Instructions to follow
If a line in the entries below holds the string "metis", copy it.

Stored items
══════════

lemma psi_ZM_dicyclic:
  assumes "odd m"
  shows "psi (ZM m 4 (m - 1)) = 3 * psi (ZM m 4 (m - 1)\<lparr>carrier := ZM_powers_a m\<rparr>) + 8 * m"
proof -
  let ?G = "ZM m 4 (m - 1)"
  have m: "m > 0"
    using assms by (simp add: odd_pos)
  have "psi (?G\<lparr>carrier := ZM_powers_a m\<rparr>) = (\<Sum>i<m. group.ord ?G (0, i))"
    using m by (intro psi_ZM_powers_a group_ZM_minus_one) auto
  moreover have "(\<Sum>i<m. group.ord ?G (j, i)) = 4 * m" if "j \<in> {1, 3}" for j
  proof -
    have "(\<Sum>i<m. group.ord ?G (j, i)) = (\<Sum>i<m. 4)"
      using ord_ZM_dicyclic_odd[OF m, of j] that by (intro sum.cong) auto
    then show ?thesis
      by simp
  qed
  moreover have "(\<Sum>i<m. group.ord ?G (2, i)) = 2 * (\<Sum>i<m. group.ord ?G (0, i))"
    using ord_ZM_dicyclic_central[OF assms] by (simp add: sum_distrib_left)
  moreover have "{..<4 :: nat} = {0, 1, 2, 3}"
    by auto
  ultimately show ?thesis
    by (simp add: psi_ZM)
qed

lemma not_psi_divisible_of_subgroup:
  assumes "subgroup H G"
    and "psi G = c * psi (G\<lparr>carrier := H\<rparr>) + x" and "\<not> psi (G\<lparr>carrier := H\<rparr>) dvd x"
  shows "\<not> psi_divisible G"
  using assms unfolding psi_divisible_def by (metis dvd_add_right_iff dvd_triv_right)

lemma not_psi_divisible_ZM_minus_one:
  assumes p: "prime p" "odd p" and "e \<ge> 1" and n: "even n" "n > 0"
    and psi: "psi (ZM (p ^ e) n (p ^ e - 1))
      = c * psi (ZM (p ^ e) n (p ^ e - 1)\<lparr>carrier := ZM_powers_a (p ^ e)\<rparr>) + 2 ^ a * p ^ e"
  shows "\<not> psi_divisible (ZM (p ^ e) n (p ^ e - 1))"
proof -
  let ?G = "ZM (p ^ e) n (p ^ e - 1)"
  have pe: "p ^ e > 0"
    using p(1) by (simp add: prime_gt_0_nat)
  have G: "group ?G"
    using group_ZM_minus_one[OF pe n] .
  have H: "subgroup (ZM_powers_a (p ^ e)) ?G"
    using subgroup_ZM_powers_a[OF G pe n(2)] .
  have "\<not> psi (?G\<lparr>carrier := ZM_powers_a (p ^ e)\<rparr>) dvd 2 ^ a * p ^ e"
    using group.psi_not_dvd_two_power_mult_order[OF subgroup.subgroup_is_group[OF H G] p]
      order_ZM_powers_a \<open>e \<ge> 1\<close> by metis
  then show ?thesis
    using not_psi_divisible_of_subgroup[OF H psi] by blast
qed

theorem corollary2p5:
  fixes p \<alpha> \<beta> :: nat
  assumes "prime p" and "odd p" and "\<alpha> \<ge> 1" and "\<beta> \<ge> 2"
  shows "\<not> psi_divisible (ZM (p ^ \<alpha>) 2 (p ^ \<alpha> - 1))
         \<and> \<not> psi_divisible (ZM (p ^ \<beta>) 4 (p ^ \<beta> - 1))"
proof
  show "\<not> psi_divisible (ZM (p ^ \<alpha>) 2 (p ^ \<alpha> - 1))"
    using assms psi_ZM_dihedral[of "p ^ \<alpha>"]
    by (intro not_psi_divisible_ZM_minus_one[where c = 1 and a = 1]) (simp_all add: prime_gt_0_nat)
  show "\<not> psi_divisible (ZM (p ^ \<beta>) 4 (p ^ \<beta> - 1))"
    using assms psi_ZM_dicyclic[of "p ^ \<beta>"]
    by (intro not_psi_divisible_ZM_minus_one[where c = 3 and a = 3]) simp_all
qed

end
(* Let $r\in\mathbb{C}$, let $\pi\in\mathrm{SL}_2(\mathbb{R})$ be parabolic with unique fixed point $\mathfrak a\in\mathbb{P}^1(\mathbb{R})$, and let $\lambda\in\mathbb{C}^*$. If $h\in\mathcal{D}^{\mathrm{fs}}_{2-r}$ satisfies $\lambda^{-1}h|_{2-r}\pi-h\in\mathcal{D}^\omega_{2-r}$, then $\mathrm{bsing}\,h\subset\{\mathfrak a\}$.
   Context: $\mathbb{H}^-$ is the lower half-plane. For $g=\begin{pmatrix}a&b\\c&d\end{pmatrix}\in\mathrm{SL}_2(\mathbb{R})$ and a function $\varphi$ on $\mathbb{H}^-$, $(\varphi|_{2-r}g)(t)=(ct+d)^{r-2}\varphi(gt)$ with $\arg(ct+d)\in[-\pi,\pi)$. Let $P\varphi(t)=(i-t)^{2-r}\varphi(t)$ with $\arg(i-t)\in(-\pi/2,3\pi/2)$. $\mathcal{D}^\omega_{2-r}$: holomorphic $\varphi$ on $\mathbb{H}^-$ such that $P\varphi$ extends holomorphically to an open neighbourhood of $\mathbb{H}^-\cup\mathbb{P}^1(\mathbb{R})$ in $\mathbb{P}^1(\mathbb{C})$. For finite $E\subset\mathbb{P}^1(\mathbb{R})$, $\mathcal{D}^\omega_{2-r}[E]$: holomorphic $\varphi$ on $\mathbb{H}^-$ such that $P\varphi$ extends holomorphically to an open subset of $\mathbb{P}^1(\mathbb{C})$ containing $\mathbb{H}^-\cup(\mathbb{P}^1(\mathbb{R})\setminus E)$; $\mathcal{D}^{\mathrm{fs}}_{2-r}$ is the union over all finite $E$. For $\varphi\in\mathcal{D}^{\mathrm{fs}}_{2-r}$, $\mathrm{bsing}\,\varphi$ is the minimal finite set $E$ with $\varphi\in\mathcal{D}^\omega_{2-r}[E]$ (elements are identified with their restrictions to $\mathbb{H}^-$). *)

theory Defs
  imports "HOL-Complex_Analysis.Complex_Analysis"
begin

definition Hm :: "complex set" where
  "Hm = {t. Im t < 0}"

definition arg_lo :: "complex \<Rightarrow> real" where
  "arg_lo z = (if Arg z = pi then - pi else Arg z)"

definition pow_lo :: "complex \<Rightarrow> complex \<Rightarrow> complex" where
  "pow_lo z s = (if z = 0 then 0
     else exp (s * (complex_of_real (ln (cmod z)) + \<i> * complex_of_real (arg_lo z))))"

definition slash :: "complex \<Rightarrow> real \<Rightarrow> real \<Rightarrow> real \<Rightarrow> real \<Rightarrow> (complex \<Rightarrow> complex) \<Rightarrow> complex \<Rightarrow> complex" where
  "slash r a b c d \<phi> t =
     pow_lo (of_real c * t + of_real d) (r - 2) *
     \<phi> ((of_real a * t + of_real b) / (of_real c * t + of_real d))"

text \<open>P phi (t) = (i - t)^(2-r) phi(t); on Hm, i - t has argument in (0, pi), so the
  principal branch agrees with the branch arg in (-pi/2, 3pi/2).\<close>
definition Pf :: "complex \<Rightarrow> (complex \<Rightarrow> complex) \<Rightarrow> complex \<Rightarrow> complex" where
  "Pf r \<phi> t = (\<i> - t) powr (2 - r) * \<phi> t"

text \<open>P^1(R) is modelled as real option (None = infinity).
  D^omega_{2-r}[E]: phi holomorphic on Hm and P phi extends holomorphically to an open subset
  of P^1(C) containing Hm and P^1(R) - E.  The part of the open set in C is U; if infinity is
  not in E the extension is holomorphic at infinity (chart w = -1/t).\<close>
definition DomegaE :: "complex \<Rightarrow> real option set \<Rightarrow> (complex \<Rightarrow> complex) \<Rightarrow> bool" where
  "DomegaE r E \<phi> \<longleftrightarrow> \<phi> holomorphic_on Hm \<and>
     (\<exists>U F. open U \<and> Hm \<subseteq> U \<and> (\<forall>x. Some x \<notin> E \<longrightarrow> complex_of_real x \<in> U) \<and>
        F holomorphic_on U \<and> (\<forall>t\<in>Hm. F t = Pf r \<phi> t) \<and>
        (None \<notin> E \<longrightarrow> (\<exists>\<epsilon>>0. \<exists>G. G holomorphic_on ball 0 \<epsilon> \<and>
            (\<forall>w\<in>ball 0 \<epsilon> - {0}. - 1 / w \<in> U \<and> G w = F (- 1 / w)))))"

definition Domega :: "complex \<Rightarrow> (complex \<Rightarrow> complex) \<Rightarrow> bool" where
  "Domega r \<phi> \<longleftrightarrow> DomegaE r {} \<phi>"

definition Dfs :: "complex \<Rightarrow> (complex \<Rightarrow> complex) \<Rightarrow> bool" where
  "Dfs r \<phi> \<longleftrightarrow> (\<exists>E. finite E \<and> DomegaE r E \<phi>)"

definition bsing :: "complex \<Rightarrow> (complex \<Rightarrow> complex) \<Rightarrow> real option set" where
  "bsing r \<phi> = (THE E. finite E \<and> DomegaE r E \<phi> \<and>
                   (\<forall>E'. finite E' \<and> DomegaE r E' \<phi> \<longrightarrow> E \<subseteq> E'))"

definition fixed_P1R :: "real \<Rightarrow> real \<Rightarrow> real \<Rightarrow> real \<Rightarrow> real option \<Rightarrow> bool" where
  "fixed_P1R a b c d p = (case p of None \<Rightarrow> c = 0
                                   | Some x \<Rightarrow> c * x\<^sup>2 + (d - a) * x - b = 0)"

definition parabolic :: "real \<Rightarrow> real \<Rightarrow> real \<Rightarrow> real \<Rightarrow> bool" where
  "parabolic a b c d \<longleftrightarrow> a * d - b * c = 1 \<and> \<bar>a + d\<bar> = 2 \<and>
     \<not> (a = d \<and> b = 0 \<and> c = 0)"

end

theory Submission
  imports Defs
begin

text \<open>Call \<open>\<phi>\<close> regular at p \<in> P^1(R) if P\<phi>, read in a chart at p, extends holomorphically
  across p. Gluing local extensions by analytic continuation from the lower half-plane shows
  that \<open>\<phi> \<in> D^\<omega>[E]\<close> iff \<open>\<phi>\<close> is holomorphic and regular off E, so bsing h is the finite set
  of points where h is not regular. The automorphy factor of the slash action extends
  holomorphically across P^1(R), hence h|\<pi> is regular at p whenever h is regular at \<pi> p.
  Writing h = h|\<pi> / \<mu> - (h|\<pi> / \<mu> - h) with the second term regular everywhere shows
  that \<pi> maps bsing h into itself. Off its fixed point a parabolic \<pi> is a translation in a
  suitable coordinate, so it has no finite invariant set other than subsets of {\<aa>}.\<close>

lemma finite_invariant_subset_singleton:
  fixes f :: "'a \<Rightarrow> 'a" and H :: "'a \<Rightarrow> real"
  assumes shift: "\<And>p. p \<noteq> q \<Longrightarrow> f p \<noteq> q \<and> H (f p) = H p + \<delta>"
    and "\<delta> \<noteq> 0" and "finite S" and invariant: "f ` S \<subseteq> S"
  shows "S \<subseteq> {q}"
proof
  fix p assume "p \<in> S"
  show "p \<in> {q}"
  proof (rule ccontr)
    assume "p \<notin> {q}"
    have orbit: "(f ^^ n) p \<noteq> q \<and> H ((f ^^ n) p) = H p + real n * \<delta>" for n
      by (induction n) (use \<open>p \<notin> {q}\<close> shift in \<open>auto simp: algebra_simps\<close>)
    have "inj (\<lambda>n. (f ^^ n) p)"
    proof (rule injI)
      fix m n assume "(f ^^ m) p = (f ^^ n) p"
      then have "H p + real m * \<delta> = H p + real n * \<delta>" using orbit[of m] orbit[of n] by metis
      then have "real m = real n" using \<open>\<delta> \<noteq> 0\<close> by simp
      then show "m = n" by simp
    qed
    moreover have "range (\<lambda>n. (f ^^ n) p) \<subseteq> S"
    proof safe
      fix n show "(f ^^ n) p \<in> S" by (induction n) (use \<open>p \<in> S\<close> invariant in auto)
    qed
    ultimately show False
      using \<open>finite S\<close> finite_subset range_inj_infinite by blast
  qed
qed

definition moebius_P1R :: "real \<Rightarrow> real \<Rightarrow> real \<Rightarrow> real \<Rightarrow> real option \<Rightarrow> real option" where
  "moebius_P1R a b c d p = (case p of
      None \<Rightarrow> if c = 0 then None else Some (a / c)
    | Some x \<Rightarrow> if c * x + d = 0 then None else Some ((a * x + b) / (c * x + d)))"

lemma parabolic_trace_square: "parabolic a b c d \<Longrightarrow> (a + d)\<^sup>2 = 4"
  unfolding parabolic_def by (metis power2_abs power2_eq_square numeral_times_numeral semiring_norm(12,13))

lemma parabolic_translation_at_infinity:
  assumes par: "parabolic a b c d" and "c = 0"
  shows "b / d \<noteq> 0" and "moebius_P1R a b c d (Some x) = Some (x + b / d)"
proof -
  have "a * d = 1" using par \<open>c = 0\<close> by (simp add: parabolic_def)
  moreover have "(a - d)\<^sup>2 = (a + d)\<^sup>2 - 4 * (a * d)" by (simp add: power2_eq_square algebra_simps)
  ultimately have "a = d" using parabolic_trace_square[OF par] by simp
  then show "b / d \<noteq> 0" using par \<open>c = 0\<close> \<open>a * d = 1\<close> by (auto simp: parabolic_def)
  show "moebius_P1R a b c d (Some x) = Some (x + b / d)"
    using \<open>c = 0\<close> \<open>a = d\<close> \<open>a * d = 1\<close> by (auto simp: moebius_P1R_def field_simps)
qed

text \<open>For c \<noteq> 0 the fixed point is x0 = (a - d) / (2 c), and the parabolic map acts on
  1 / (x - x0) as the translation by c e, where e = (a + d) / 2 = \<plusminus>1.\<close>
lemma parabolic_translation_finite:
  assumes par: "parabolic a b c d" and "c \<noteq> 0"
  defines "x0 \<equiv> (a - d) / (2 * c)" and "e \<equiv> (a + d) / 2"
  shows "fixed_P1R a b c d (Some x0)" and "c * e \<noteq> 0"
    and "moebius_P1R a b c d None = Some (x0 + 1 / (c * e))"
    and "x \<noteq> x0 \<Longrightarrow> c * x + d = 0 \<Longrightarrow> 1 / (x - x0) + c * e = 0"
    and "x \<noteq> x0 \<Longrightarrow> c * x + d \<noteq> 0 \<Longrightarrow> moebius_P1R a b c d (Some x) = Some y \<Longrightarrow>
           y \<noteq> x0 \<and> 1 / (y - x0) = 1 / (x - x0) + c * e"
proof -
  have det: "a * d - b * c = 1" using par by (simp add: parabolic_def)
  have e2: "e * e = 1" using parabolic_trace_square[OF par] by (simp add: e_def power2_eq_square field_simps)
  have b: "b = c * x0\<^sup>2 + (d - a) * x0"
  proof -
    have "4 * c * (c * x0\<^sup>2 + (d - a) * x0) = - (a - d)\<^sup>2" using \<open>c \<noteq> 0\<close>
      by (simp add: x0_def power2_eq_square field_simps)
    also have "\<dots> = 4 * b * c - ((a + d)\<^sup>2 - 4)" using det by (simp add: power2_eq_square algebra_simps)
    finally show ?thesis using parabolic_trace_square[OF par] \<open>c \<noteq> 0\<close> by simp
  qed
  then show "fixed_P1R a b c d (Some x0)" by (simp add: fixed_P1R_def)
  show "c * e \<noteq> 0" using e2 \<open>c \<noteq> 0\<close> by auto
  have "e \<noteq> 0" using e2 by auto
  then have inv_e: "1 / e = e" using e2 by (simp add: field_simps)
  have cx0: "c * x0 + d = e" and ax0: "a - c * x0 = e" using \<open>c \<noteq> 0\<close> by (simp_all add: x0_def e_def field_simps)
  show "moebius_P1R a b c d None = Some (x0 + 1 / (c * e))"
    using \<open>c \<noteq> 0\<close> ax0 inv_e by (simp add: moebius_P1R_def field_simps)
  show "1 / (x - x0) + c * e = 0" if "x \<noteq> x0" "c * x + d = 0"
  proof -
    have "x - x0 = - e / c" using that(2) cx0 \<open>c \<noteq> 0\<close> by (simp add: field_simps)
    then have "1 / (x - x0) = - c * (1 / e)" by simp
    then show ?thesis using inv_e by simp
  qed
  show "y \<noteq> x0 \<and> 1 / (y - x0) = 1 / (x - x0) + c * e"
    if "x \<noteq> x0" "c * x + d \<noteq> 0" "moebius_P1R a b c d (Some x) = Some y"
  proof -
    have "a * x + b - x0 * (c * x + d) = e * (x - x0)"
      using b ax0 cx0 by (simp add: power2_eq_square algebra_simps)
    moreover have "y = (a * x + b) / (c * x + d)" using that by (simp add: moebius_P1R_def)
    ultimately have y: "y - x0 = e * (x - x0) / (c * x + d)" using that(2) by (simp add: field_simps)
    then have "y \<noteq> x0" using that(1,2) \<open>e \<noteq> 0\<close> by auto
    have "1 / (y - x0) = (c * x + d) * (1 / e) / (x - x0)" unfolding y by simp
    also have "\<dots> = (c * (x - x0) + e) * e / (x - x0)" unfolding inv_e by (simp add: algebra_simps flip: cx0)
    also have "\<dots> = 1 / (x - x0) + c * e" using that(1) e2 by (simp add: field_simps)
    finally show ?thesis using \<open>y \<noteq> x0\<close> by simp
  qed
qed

══════════

Solution below
  using assms unfolding psi_divisible_def by (metis dvd_add_right_iff dvd_triv_right)
      order_ZM_powers_a \<open>e \<ge> 1\<close> by metis
      then have "H p + real m * \<delta> = H p + real n * \<delta>" using orbit[of m] orbit[of n] by metis
  unfolding parabolic_def by (metis power2_abs power2_eq_square numeral_times_numeral semiring_norm(12,13))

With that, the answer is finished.